At the age of 18, Rabbi Zevin began corresponding with leading sages, including the Rogatchover Gaon and Rabbi Yosef Yitzchok Schneersohn. He also began at a young age to serve Russian Jewry in various communal capacities. During the brief period of Ukrainian independence after World War I, Rabbi Zevin served as a member of the Ukrainian parliament. He also served as a member and officer of the parent body of Jewish communities in Ukraine.

In 1935, Rabbi Zevin settled in the Land of Israel and began teaching at the Mizrachi-affiliated Bet Midrash L’morim. He also served as a member of the Israeli Chief Rabbinate Council.

He held religious Zionist views and would eat a festive meal on Israeli Independence Day.

In 1947 the first volume of the Encyclopedia Talmudit was published under his editorial oversight. Zevin continued to serve as editor-in-chief until his death in 1978. This multi-volume work continues today.

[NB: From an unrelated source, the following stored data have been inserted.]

lemma has_cycle_square:
  assumes "{a, b, c, d} \<subseteq> V" "distinct [a, b, c, d]"
    "{a, b} \<in> E" "{b, c} \<in> E" "{c, d} \<in> E" "{d, a} \<in> E"
  shows "has_cycle V E"
proof -
  have "{[a, b, c, d] ! j, [a, b, c, d] ! ((j + 1) mod 4)} \<in> E" if "j < 4" for j
  proof -
    from that have "j = 0 \<or> j = 1 \<or> j = 2 \<or> j = 3" by auto
    then show ?thesis using assms(3-6) by auto
  qed
  then show ?thesis using assms(1,2) unfolding has_cycle_def is_cycle_def
    by (intro exI[of _ "[a, b, c, d]"]) auto
qed

lemma has_cycle_two_linked_edges:
  assumes "{p, p', q, q'} \<subseteq> V" "distinct [p, p', q, q']" "{p, p'} \<in> E" "{q, q'} \<in> E"
    and "{p, q} \<in> E \<or> {p, q'} \<in> E" and "{p', q} \<in> E \<or> {p', q'} \<in> E"
  shows "has_cycle V E"
proof -
  have sym: "{x, y} = {y, x}" for x y :: 'a by blast
  from assms(5,6) consider "{p, q} \<in> E" "{p', q} \<in> E" | "{p, q'} \<in> E" "{p', q'} \<in> E"
    | "{p, q} \<in> E" "{p', q'} \<in> E" | "{p, q'} \<in> E" "{p', q} \<in> E" by blast
  then show ?thesis
  proof cases
    case 1
    then show ?thesis using assms(1-3) sym by (intro has_cycle_triangle[of p p' q]) auto
  next
    case 2
    then show ?thesis using assms(1-3) sym by (intro has_cycle_triangle[of p p' q']) auto
  next
    case 3
    then show ?thesis using assms(1-4) sym by (intro has_cycle_square[of p p' q' q]) auto
  next
    case 4
    then show ?thesis using assms(1-4) sym by (intro has_cycle_square[of p p' q q']) auto
  qed
qed

lemma card_ge_2_obtains:
  assumes "2 \<le> card X"
  obtains x y where "x \<in> X" "y \<in> X" "x \<noteq> y"
  using obtain_subset_with_card_n[OF assms] by (metis card_2_iff insert_subset)

lemma card_clique_le_2_if_no_cycle:
  assumes "\<And>x y. x \<in> K \<Longrightarrow> y \<in> K \<Longrightarrow> x \<noteq> y \<Longrightarrow> {x, y} \<in> E" and "\<not> has_cycle S E"
  shows "card (S \<inter> K) \<le> 2"
proof (rule ccontr)
  assume "\<not> card (S \<inter> K) \<le> 2"
  then obtain T where "T \<subseteq> S \<inter> K" "card T = 3"
    by (metis not_less_eq_eq numeral_2_eq_2 numeral_3_eq_3 obtain_subset_with_card_n)
  then obtain a b c where "{a, b, c} \<subseteq> S \<inter> K" "distinct [a, b, c]" by (auto simp: card_3_iff)
  then have "has_cycle S E" using assms(1) by (intro has_cycle_triangle) auto
  with assms(2) show False by contradiction
qed

lemma no_cycle_if_unique_smaller_neighbour:
  fixes S :: "'a :: linorder set"
  assumes unique: "\<And>v u w. v \<in> S \<Longrightarrow> u \<in> S \<Longrightarrow> w \<in> S \<Longrightarrow> u < v \<Longrightarrow> w < v \<Longrightarrow>
      {u, v} \<in> E \<Longrightarrow> {w, v} \<in> E \<Longrightarrow> u = w"
  shows "\<not> has_cycle S E"
proof
  assume "has_cycle S E"
  then obtain cs where cs: "3 \<le> length cs" "distinct cs" "set cs \<subseteq> S"
    and edge: "\<And>j. j < length cs \<Longrightarrow> {cs ! j, cs ! ((j + 1) mod length cs)} \<in> E"
    by (auto simp: has_cycle_def is_cycle_def)
  define L where "L = length cs"
  have L3: "3 \<le> L" using cs(1) by (simp add: L_def)
  have "Max (set cs) \<in> set cs" using cs(1) by (intro Max_in) auto
  then obtain t where t: "t < L" "cs ! t = Max (set cs)" by (auto simp: L_def in_set_conv_nth)
  \<comment> \<open>the largest vertex of the cycle has two smaller neighbours on it\<close>
  define s where "s = (t + (L - 1)) mod L"
  define r where "r = (t + 1) mod L"
  have s: "s < L" "(s + 1) mod L = t"
    using t(1) L3 unfolding s_def by (auto simp: mod_Suc_eq mod_add_left_eq[symmetric])
  have r: "r < L" using L3 unfolding r_def by simp
  have "s \<noteq> t" "r \<noteq> t" "s \<noteq> r" using t(1) L3 unfolding s_def r_def by (auto simp: mod_if)
  then have ne: "cs ! s \<noteq> cs ! t" "cs ! r \<noteq> cs ! t" "cs ! s \<noteq> cs ! r"
    using cs(2) s(1) r t(1) by (auto simp: L_def nth_eq_iff_index_eq)
  have mem: "cs ! s \<in> set cs" "cs ! r \<in> set cs" "cs ! t \<in> set cs"
    using s(1) r t(1) by (auto simp: L_def)
  have "cs ! s < cs ! t" "cs ! r < cs ! t"
    using ne mem t(2) Max_ge[of "set cs"] by (auto simp: order.strict_iff_order)
  moreover have "{cs ! s, cs ! t} \<in> E" "{cs ! r, cs ! t} \<in> E"
    using edge[of s] edge[of t] s t(1) by (auto simp: L_def r_def insert_commute)
  ultimately show False using unique ne(3) mem cs(3) by blast
qed

lemma degenerate_atMost:
  fixes E :: "nat set set"
  assumes "\<And>v. v \<le> n \<Longrightarrow> card {u. u < v \<and> {u, v} \<in> E} \<le> k"
  shows "degenerate k {..n} E"
  unfolding degenerate_def elimination_ordering_def
proof (intro exI[of _ Suc] conjI ballI)
  show "bij_betw Suc {..n} {1..card {..n}}"
    by (simp add: bij_betw_def image_Suc_atMost atLeast1_atMost_eq_remove0)
next
  fix v assume "v \<in> {..n}"
  moreover have "{u \<in> {..n}. {u, v} \<in> E \<and> Suc u < Suc v} = {u. u < v \<and> {u, v} \<in> E}"
    using \<open>v \<in> {..n}\<close> by auto
  ultimately show "card {u \<in> {..n}. {u, v} \<in> E \<and> Suc u < Suc v} \<le> k" using assms by simp
qed
theorem proposition6p6:
  fixes op :: "'x \<Rightarrow> 'x \<Rightarrow> 'x" and \<rho> :: "'x \<Rightarrow> 'x"
    and \<phi> \<psi> \<eta> :: "'a::ab_group_add \<Rightarrow> 'a" and \<alpha> :: "'x \<Rightarrow> 'x \<Rightarrow> 'a"
  assumes "symmetric_rack op \<rho>"
    and "cc_module \<phi> \<psi> \<eta>"
    and "\<alpha> \<in> Z2_SR op \<rho> \<phi> \<psi> \<eta>"
  shows "(Aut_A op \<rho> \<phi> \<psi> \<eta> \<alpha>)\<lparr>carrier := kernel (Aut_A op \<rho> \<phi> \<psi> \<eta> \<alpha>)
            (Aut_SR op \<rho> \<times>\<times> Aut_Mod \<phi> \<psi> \<eta>) (Gamma op \<rho> \<phi> \<psi> \<eta>)\<rparr>
         \<cong> Z1_group op \<rho> \<phi> \<psi> \<eta>"
proof -
  let ?Z = "Z1_SR op \<rho> \<phi> \<psi> \<eta>"
  define fiber_part :: "('x \<times> 'a \<Rightarrow> 'x \<times> 'a) \<Rightarrow> 'x \<Rightarrow> 'a"
    where "fiber_part \<xi> x = snd (\<xi> (x, 0))" for \<xi> x
  have fiber_part_shear: "fiber_part (shear l) = l" for l
    by (simp add: fiber_part_def shear_Pair fun_eq_iff)
  have "bij_betw fiber_part (shear ` ?Z) ?Z"
    by (rule bij_betw_byWitness[where f' = shear]) (auto simp: fiber_part_shear)
  moreover have "fiber_part (\<xi> \<circ> \<xi>') = (\<lambda>x. fiber_part \<xi> x + fiber_part \<xi>' x)"
    if "\<xi> \<in> shear ` ?Z" "\<xi>' \<in> shear ` ?Z" for \<xi> \<xi>'
    using that by (auto simp: shear_comp fiber_part_shear)
  ultimately have "fiber_part \<in> iso ((Aut_A op \<rho> \<phi> \<psi> \<eta> \<alpha>)\<lparr>carrier := shear ` ?Z\<rparr>)
      (Z1_group op \<rho> \<phi> \<psi> \<eta>)"
    by (auto simp: iso_def hom_def Aut_A_def Z1_group_def dest: bij_betwE)
  then show ?thesis
    unfolding kernel_Gamma_eq_shears[OF assms(2)] by (rule is_isoI)
qed

end
(* Consider a Markov decision process with state space $\mathcal{S}$, action space $\mathcal{A}$, transition kernel $p(s' \mid s,a)$, reward function $r$, initial state distribution $p(s_0)$, and discount factor $\gamma$. Let $\pi, \hat\pi : \mathcal{S} \to \Delta(\mathcal{A})$ be policies and let $f : \mathbb{R} \to \mathbb{R}$ be a bounded, measurable, non-negative, non-decreasing function. Suppose that $\pi$ satisfies $\pi(a \mid s) \propto f(A_{\hat\pi}(s,a))\,\hat\pi(a \mid s)$ (for every $s \in \mathcal{S}$). Then $J(\pi) \geq J(\hat\pi)$.
   Context: $\Delta(\mathcal{A})$ denotes the set of probability distributions on $\mathcal{A}$. For a policy $\pi$, $J(\pi) = \mathbb{E}_{\tau \sim p(\tau\mid\pi)}\left[\sum_{t} \gamma^t r(s_t,a_t)\right]$, where trajectories $\tau = (s_0,a_0,s_1,a_1,\dots)$ are generated by $s_0 \sim p(s_0)$, $a_t \sim \pi(\cdot\mid s_t)$, $s_{t+1} \sim p(\cdot \mid s_t,a_t)$. For a policy $\hat\pi$, $Q_{\hat\pi}(s,a)$ is the expected discounted sum of future rewards obtained by starting at $s$, taking action $a$, and following $\hat\pi$ thereafter; $V_{\hat\pi}(s) = \mathbb{E}_{a\sim\hat\pi(\cdot\mid s)}[Q_{\hat\pi}(s,a)]$; and $A_{\hat\pi}(s,a) = Q_{\hat\pi}(s,a) - V_{\hat\pi}(s)$ is the advantage. The relation $\pi(a\mid s) \propto f(A_{\hat\pi}(s,a))\hat\pi(a\mid s)$ means $\pi(a\mid s) = f(A_{\hat\pi}(s,a))\hat\pi(a\mid s)/Z(s)$ with normalizer $Z(s) = \int_{\mathcal{A}} f(A_{\hat\pi}(s,a))\,\hat\pi(\mathrm{d}a\mid s)$. *)

theory Defs
  imports "HOL-Probability.Probability"
begin
(* Let $n\ge 2$, $T\ge\log n$, $\nu\le 1$, and $\eta=\sqrt{\log(n)/T}$. Consider the following process (Hedge with noisy losses). Set $w^{(1)}_i=1$ for all $i\in[n]$. For $t=1,\dots,T$: output the distribution $p^{(t)}$ on $[n]$ with $p^{(t)}_i=w^{(t)}_i/\sum_j w^{(t)}_j$; then a random loss vector $\hat m^{(t)}\in\mathbb R^n$ is revealed; set $w^{(t+1)}_i=w^{(t)}_i\exp(-\eta\hat m^{(t)}_i)$. Let $m^{(t)}=\mathbb E[\hat m^{(t)}\mid \hat m^{(1)},\dots,\hat m^{(t-1)}]$, and suppose that for every $t$: $m^{(t)}\in[-1,1]^n$, and conditioned on $\hat m^{(1)},\dots,\hat m^{(t-1)}$, each coordinate of $\hat m^{(t)}-m^{(t)}$ is sub-Gaussian with variance proxy $\nu^2$ (i.e. $\mathbb E[\exp(s(\hat m^{(t)}_i-m^{(t)}_i))\mid\text{past}]\le\exp(s^2\nu^2/2)$ for all real $s$). Then for every $i\in[n]$, $$\mathbb E\Big[\sum_{t=1}^T\langle m^{(t)},p^{(t)}\rangle\Big]\le \mathbb E\Big[\sum_{t=1}^T m^{(t)}_i\Big]+4\sqrt{T\log n}.$$
   Context: $\log$ is the natural logarithm and $[n]=\{1,\dots,n\}$. *)

theory Defs
  imports "HOL-Probability.Probability"
begin

text \<open>Rounds are indexed t = 1,2,...; experts are indexed i in {1..n}.
  A loss process is mh :: nat => nat => 'a => real, where mh t i is the
  random variable hat m^(t)_i on the probability space M.\<close>

definition past_sigma :: "'a measure \<Rightarrow> nat \<Rightarrow> (nat \<Rightarrow> nat \<Rightarrow> 'a \<Rightarrow> real) \<Rightarrow> nat \<Rightarrow> 'a measure" where
  "past_sigma M n mh t = sigma (space M)
     {mh s i -` A \<inter> space M | s i A. 1 \<le> s \<and> s < t \<and> i \<in> {1..n} \<and> A \<in> sets borel}"

definition cond_mean :: "'a measure \<Rightarrow> nat \<Rightarrow> (nat \<Rightarrow> nat \<Rightarrow> 'a \<Rightarrow> real) \<Rightarrow> nat \<Rightarrow> nat \<Rightarrow> 'a \<Rightarrow> real" where
  "cond_mean M n mh t i = real_cond_exp M (past_sigma M n mh t) (mh t i)"

text \<open>Hedge weights: w^(1)_i = 1, w^(t+1)_i = w^(t)_i * exp(-eta * hat m^(t)_i) for t >= 1.
  (The value at t = 0 is irrelevant.)\<close>
primrec hedge_w :: "real \<Rightarrow> (nat \<Rightarrow> nat \<Rightarrow> 'a \<Rightarrow> real) \<Rightarrow> nat \<Rightarrow> nat \<Rightarrow> 'a \<Rightarrow> real" where
  "hedge_w eta mh 0 i x = 1"
| "hedge_w eta mh (Suc t) i x =
     (if t = 0 then 1 else hedge_w eta mh t i x * exp (- eta * mh t i x))"

definition hedge_p :: "nat \<Rightarrow> real \<Rightarrow> (nat \<Rightarrow> nat \<Rightarrow> 'a \<Rightarrow> real) \<Rightarrow> nat \<Rightarrow> nat \<Rightarrow> 'a \<Rightarrow> real" where
  "hedge_p n eta mh t i x = hedge_w eta mh t i x / (\<Sum>j\<in>{1..n}. hedge_w eta mh t j x)"

end

theory Submission
  imports Defs
begin

text \<open>The potential \<open>\<Phi>\<^sub>t = ln (\<Sum>\<^sub>j w\<^sub>j\<^sup>(\<^sup>t\<^sup>))\<close> starts at \<open>ln n\<close> and ends above
  \<open>-\<eta> \<Sum>\<^sub>t hat m\<^sub>i\<^sup>(\<^sup>t\<^sup>)\<close>. Writing \<open>hat m = m + (hat m - m)\<close>, each increment is at most
  \<open>\<eta>\<^sup>2 - \<eta> \<langle>m\<^sup>(\<^sup>t\<^sup>), p\<^sup>(\<^sup>t\<^sup>)\<rangle>\<close> plus the logarithm of an average of the noise factors
  \<open>exp (-\<eta> (hat m\<^sub>j - m\<^sub>j))\<close> whose weights depend only on the past, and by
  sub-Gaussianity that average has expectation at most \<open>exp (\<eta>\<^sup>2 \<nu>\<^sup>2 / 2)\<close>. Taking
  expectations and telescoping bounds \<open>\<eta>\<close> times the expected regret by
  \<open>ln n + T \<eta>\<^sup>2 (1 + \<nu>\<^sup>2 / 2)\<close>, and \<open>\<eta> = sqrt (ln n / T)\<close> makes the regret at most
  \<open>5/2 sqrt (T ln n)\<close>.\<close>

lemma exp_bound_abs:
  fixes x :: real assumes "\<bar>x\<bar> \<le> 1" shows "exp x \<le> 1 + x + x\<^sup>2"
proof (cases "x \<ge> 0")
  case True
  then show ?thesis using exp_bound assms by auto
next
  case False
  have "x * (x * x) \<le> 0" using False by (simp add: mult_nonpos_nonneg)
  then have "(1 - x) * (1 + x + x\<^sup>2) \<ge> 1" by (simp add: algebra_simps power2_eq_square)
  moreover have "(1 - x) * (1 + x + x\<^sup>2) \<le> exp (- x) * (1 + x + x\<^sup>2)"
  proof (rule mult_right_mono)
    show "1 - x \<le> exp (- x)" using exp_ge_add_one_self[of "- x"] by simp
    show "0 \<le> 1 + x + x\<^sup>2" using assms by (auto simp: abs_le_iff intro!: add_nonneg_nonneg)
  qed
  ultimately have "exp (- x) * (1 + x + x\<^sup>2) \<ge> 1" by linarith
  then show ?thesis by (simp add: exp_minus field_simps)
qed

text \<open>Used in place of Jensen's inequality \<open>E[ln Y] \<le> ln E[Y]\<close>, with \<open>a\<close> the logarithm
  of a bound on \<open>E[Y]\<close>.\<close>
lemma ln_le_shifted:
  fixes y a :: real assumes "0 < y" shows "ln y \<le> a + exp (- a) * y - 1"
proof -
  have "ln y = a + ln (exp (- a) * y)" using assms by (simp add: ln_mult)
  also have "ln (exp (- a) * y) \<le> exp (- a) * y - 1" using assms by (intro ln_le_minus_one) simp
  finally show ?thesis by simp
qed

lemma ln_sum_exp_weights_le:
  fixes w m :: "'b \<Rightarrow> real" and \<eta> :: real
  assumes "finite J" "J \<noteq> {}" and w: "\<And>j. j \<in> J \<Longrightarrow> 0 < w j"
    and m: "\<And>j. j \<in> J \<Longrightarrow> \<bar>m j\<bar> \<le> 1" and "0 \<le> \<eta>" "\<eta> \<le> 1"
  shows "ln (\<Sum>j\<in>J. w j * exp (- \<eta> * m j)) - ln (\<Sum>j\<in>J. w j)
     \<le> \<eta>\<^sup>2 - \<eta> * (\<Sum>j\<in>J. m j * (w j / (\<Sum>k\<in>J. w k)))"
proof -
  define W where "W = (\<Sum>k\<in>J. w k)"
  define S where "S = (\<Sum>j\<in>J. w j * exp (- \<eta> * m j))"
  have "0 < W" unfolding W_def using assms by (intro sum_pos) auto
  have "0 < S" unfolding S_def using assms by (intro sum_pos) auto
  have "exp (- \<eta> * m j) \<le> 1 - \<eta> * m j + \<eta>\<^sup>2" if "j \<in> J" for j
  proof -
    have "\<bar>- \<eta> * m j\<bar> \<le> 1" using m[OF that] assms by (simp add: abs_mult mult_le_one)
    then have "exp (- \<eta> * m j) \<le> 1 - \<eta> * m j + (\<eta> * m j)\<^sup>2" using exp_bound_abs by fastforce
    moreover have "(\<eta> * m j)\<^sup>2 \<le> \<eta>\<^sup>2"
      using m[OF that] by (simp add: power_mult_distrib abs_le_square_iff[of "m j" 1, simplified] mult_left_le)
    ultimately show ?thesis by linarith
  qed
  then have "w j * exp (- \<eta> * m j) \<le> (1 + \<eta>\<^sup>2) * w j - \<eta> * (m j * w j)" if "j \<in> J" for j
    using mult_left_mono[of _ _ "w j"] w[OF that] that by (fastforce simp: algebra_simps)
  then have "S \<le> (\<Sum>j\<in>J. (1 + \<eta>\<^sup>2) * w j - \<eta> * (m j * w j))"
    unfolding S_def by (intro sum_mono)
  also have "\<dots> = (1 + \<eta>\<^sup>2) * W - \<eta> * (\<Sum>j\<in>J. m j * w j)"
    by (simp add: W_def sum_subtractf sum_distrib_left)
  also have "\<dots> = W * (1 + \<eta>\<^sup>2 - \<eta> * (\<Sum>j\<in>J. m j * (w j / W)))"
    using \<open>0 < W\<close> by (simp add: times_divide_eq_right flip: sum_divide_distrib) (simp add: field_simps)
  finally have "S / W \<le> 1 + \<eta>\<^sup>2 - \<eta> * (\<Sum>j\<in>J. m j * (w j / W))"
    using \<open>0 < W\<close> by (subst pos_divide_le_eq) (simp_all add: mult.commute)
  moreover have "ln S - ln W \<le> S / W - 1"
    using \<open>0 < S\<close> \<open>0 < W\<close> ln_le_minus_one[of "S / W"] by (simp add: ln_div)
  ultimately show ?thesis unfolding S_def W_def by linarith
qed

lemma ln_sum_exp_noisy_weights_le:
  fixes w m mh :: "'b \<Rightarrow> real" and \<eta> :: real
  assumes J: "finite J" "J \<noteq> {}" and w: "\<And>j. j \<in> J \<Longrightarrow> 0 < w j"
    and m: "\<And>j. j \<in> J \<Longrightarrow> \<bar>m j\<bar> \<le> 1" and \<eta>: "0 \<le> \<eta>" "\<eta> \<le> 1"
  defines "S \<equiv> \<Sum>k\<in>J. w k * exp (- \<eta> * m k)"
  shows "ln (\<Sum>j\<in>J. w j * exp (- \<eta> * mh j)) - ln (\<Sum>j\<in>J. w j)
     \<le> \<eta>\<^sup>2 - \<eta> * (\<Sum>j\<in>J. m j * (w j / (\<Sum>k\<in>J. w k)))
       + ln (\<Sum>j\<in>J. w j * exp (- \<eta> * m j) / S * exp (- \<eta> * (mh j - m j)))"
proof -
  define Y where "Y = (\<Sum>j\<in>J. w j * exp (- \<eta> * m j) / S * exp (- \<eta> * (mh j - m j)))"
  have "0 < S" unfolding S_def using assms by (intro sum_pos) auto
  have "0 < Y" unfolding Y_def using assms \<open>0 < S\<close> by (intro sum_pos) auto
  have "(\<Sum>j\<in>J. w j * exp (- \<eta> * mh j)) = S * Y"
    unfolding Y_def sum_distrib_left using \<open>0 < S\<close>
    by (intro sum.cong refl) (simp add: field_simps flip: exp_add)
  then have "ln (\<Sum>j\<in>J. w j * exp (- \<eta> * mh j)) = ln S + ln Y"
    using \<open>0 < S\<close> \<open>0 < Y\<close> by (simp add: ln_mult)
  moreover have "ln S - ln (\<Sum>j\<in>J. w j) \<le> \<eta>\<^sup>2 - \<eta> * (\<Sum>j\<in>J. m j * (w j / (\<Sum>k\<in>J. w k)))"
    unfolding S_def by (rule ln_sum_exp_weights_le[OF J]) (use w m \<eta> in auto)
  ultimately show ?thesis unfolding Y_def by linarith
qed

lemma (in sigma_finite_subalgebra) integral_mult_le_of_real_cond_exp_le:
  fixes q X :: "'a \<Rightarrow> real"
  assumes q_meas: "q \<in> borel_measurable F" and q_int: "integrable M q"
    and q_range: "\<And>x. x \<in> space M \<Longrightarrow> 0 \<le> q x \<and> q x \<le> 1"
    and X_int: "integrable M X" and cond_le: "AE x in M. real_cond_exp M F X x \<le> c"
  shows "integrable M (\<lambda>x. q x * X x)" and "(\<integral>x. q x * X x \<partial>M) \<le> c * (\<integral>x. q x \<partial>M)"
proof -
  have [measurable]: "q \<in> borel_measurable M" using measurable_from_subalg[OF subalg q_meas] .
  have X_meas [measurable]: "X \<in> borel_measurable M" using X_int by auto
  show qX_int: "integrable M (\<lambda>x. q x * X x)"
    using q_range
    by (intro Bochner_Integration.integrable_bound[OF X_int]) (auto simp: abs_mult mult_left_le_one_le)
  note cond = real_cond_exp_intg[OF qX_int q_meas X_meas]
  have "(\<integral>x. q x * X x \<partial>M) = (\<integral>x. q x * real_cond_exp M F X x \<partial>M)"
    using cond(2) by simp
  also have "\<dots> \<le> (\<integral>x. c * q x \<partial>M)"
  proof (intro integral_mono_AE cond(1))
    show "integrable M (\<lambda>x. c * q x)" using q_int by simp
    show "AE x in M. q x * real_cond_exp M F X x \<le> c * q x"
      using cond_le AE_space by eventually_elim (metis q_range mult.commute mult_left_mono)
  qed
  also have "\<dots> = c * (\<integral>x. q x \<partial>M)" by simp
  finally show "(\<integral>x. q x * X x \<partial>M) \<le> c * (\<integral>x. q x \<partial>M)" .
qed

lemma space_past_sigma [simp]: "space (past_sigma M n mh t) = space M"
  unfolding past_sigma_def by (simp add: space_measure_of_conv)

lemma sets_past_sigma: "sets (past_sigma M n mh t) = sigma_sets (space M)
     {mh s i -` A \<inter> space M | s i A. 1 \<le> s \<and> s < t \<and> i \<in> {1..n} \<and> A \<in> sets borel}"
  unfolding past_sigma_def by (rule sets_measure_of) auto

lemma subalgebra_past_sigma:
  assumes "\<And>s i. 1 \<le> s \<Longrightarrow> s < t \<Longrightarrow> i \<in> {1..n} \<Longrightarrow> mh s i \<in> borel_measurable M"
  shows "subalgebra M (past_sigma M n mh t)"
  unfolding subalgebra_def sets_past_sigma
  using assms measurable_sets by (auto intro!: sets.sigma_sets_subset)

lemma measurable_past_sigma:
  assumes "1 \<le> s" "s < t" "i \<in> {1..n}"
  shows "mh s i \<in> borel_measurable (past_sigma M n mh t)"
proof (rule measurableI)
  fix A :: "real set" assume "A \<in> sets borel"
  then show "mh s i -` A \<inter> space (past_sigma M n mh t) \<in> sets (past_sigma M n mh t)"
    unfolding sets_past_sigma using assms by auto
qed simp

lemma hedge_w_measurable_past_sigma:
  assumes "1 \<le> t" "t \<le> t'" "j \<in> {1..n}"
  shows "hedge_w \<eta> mh t j \<in> borel_measurable (past_sigma M n mh t')"
  using assms
proof (induction t)
  case (Suc t)
  show ?case
  proof (cases "t = 0")
    case False
    have [measurable]: "hedge_w \<eta> mh t j \<in> borel_measurable (past_sigma M n mh t')"
                       "mh t j \<in> borel_measurable (past_sigma M n mh t')"
      using Suc False by (auto intro: measurable_past_sigma)
    show ?thesis using False by simp
  qed simp
qed simp

lemma hedge_w_pos [simp]: "0 < hedge_w \<eta> mh t j x"
  by (induction t) auto

lemma hedge_w_Suc_eq_exp_sum: "hedge_w \<eta> mh (Suc T) i x = exp (- \<eta> * (\<Sum>t\<in>{1..T}. mh t i x))"
  by (induction T) (simp_all add: algebra_simps flip: exp_add)

locale noisy_hedge = prob_space M for M :: "'a measure" +
  fixes n T :: nat and \<nu> \<eta> :: real and mh :: "nat \<Rightarrow> nat \<Rightarrow> 'a \<Rightarrow> real"
  assumes n_pos: "1 \<le> n" and eta_pos: "0 < \<eta>" and eta_le_1: "\<eta> \<le> 1"
    and meas: "\<And>t i. t \<in> {1..T} \<Longrightarrow> i \<in> {1..n} \<Longrightarrow> mh t i \<in> borel_measurable M"
    and integ: "\<And>t i. t \<in> {1..T} \<Longrightarrow> i \<in> {1..n} \<Longrightarrow> integrable M (mh t i)"
    and bounded: "\<And>t i. t \<in> {1..T} \<Longrightarrow> i \<in> {1..n} \<Longrightarrow>
        AE x in M. \<bar>cond_mean M n mh t i x\<bar> \<le> 1"
    and subg_int: "\<And>t i s. t \<in> {1..T} \<Longrightarrow> i \<in> {1..n} \<Longrightarrow>
        integrable M (\<lambda>x. exp (s * (mh t i x - cond_mean M n mh t i x)))"
    and subg: "\<And>t i s. t \<in> {1..T} \<Longrightarrow> i \<in> {1..n} \<Longrightarrow>
        AE x in M. real_cond_exp M (past_sigma M n mh t)
            (\<lambda>x. exp (s * (mh t i x - cond_mean M n mh t i x))) x
          \<le> exp (s\<^sup>2 * \<nu>\<^sup>2 / 2)"
begin

abbreviation "F \<equiv> past_sigma M n mh"
abbreviation "cm \<equiv> cond_mean M n mh"
abbreviation "w \<equiv> hedge_w \<eta> mh"
abbreviation "p \<equiv> hedge_p n \<eta> mh"

definition tilt :: "nat \<Rightarrow> nat \<Rightarrow> 'a \<Rightarrow> real" where
  "tilt t j x = w t j x * exp (- \<eta> * cm t j x) / (\<Sum>k\<in>{1..n}. w t k x * exp (- \<eta> * cm t k x))"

Rabbi Zevin frequently corresponded with Rabbi Menachem Mendel Schneerson, the Lubavitcher Rebbe, whom he had met for the first time in Russia in the mid-1920s. Part of this correspondence is printed in the Igrot Kodesh series. He was also among the influential scholars to encourage Rabbi Menachem Mendel Schneerson to accept the leadership over the Chabad movement after the passing of Rabbi Yosef Yitzchok Schneersohn, in 1950. He used concepts in Chabad philosophy to clarify halachic principles.

==Awards==
- In 1959, Rabbi Zevin received the Israel Prize for Rabbinic literature.
- In 1967, he received the Yakir Yerushalayim (Worthy Citizen of Jerusalem) award, the year of the award's inauguration.

==Published works==
- Encyclopedia Talmudit - a Talmudic / Halachic encyclopedia; he founded the encyclopedia together with Rabbi Meir Bar-Ilan and edited the volumes that were released in his lifetime;

Additionally, Zevin authored nine other works, including;
- L’Ohr Ha’halachah – essays on both practical and abstract halachic topics, including a halachic analysis of the legal and moral questions presented in Shakespeare’s Merchant of Venice;
- Ha’moadim Be’halachah – halachic studies of the Jewish festivals;
- Ishim Ve’shitot – biographies of selected 19th and 20th century sages with analyses of their individual methods of study;
- La’Torah Ve’la’moadim – essays on the Torah and the festivals; and
- Sippurei Chassidim – Chassidic tales arranged by parsha and festival.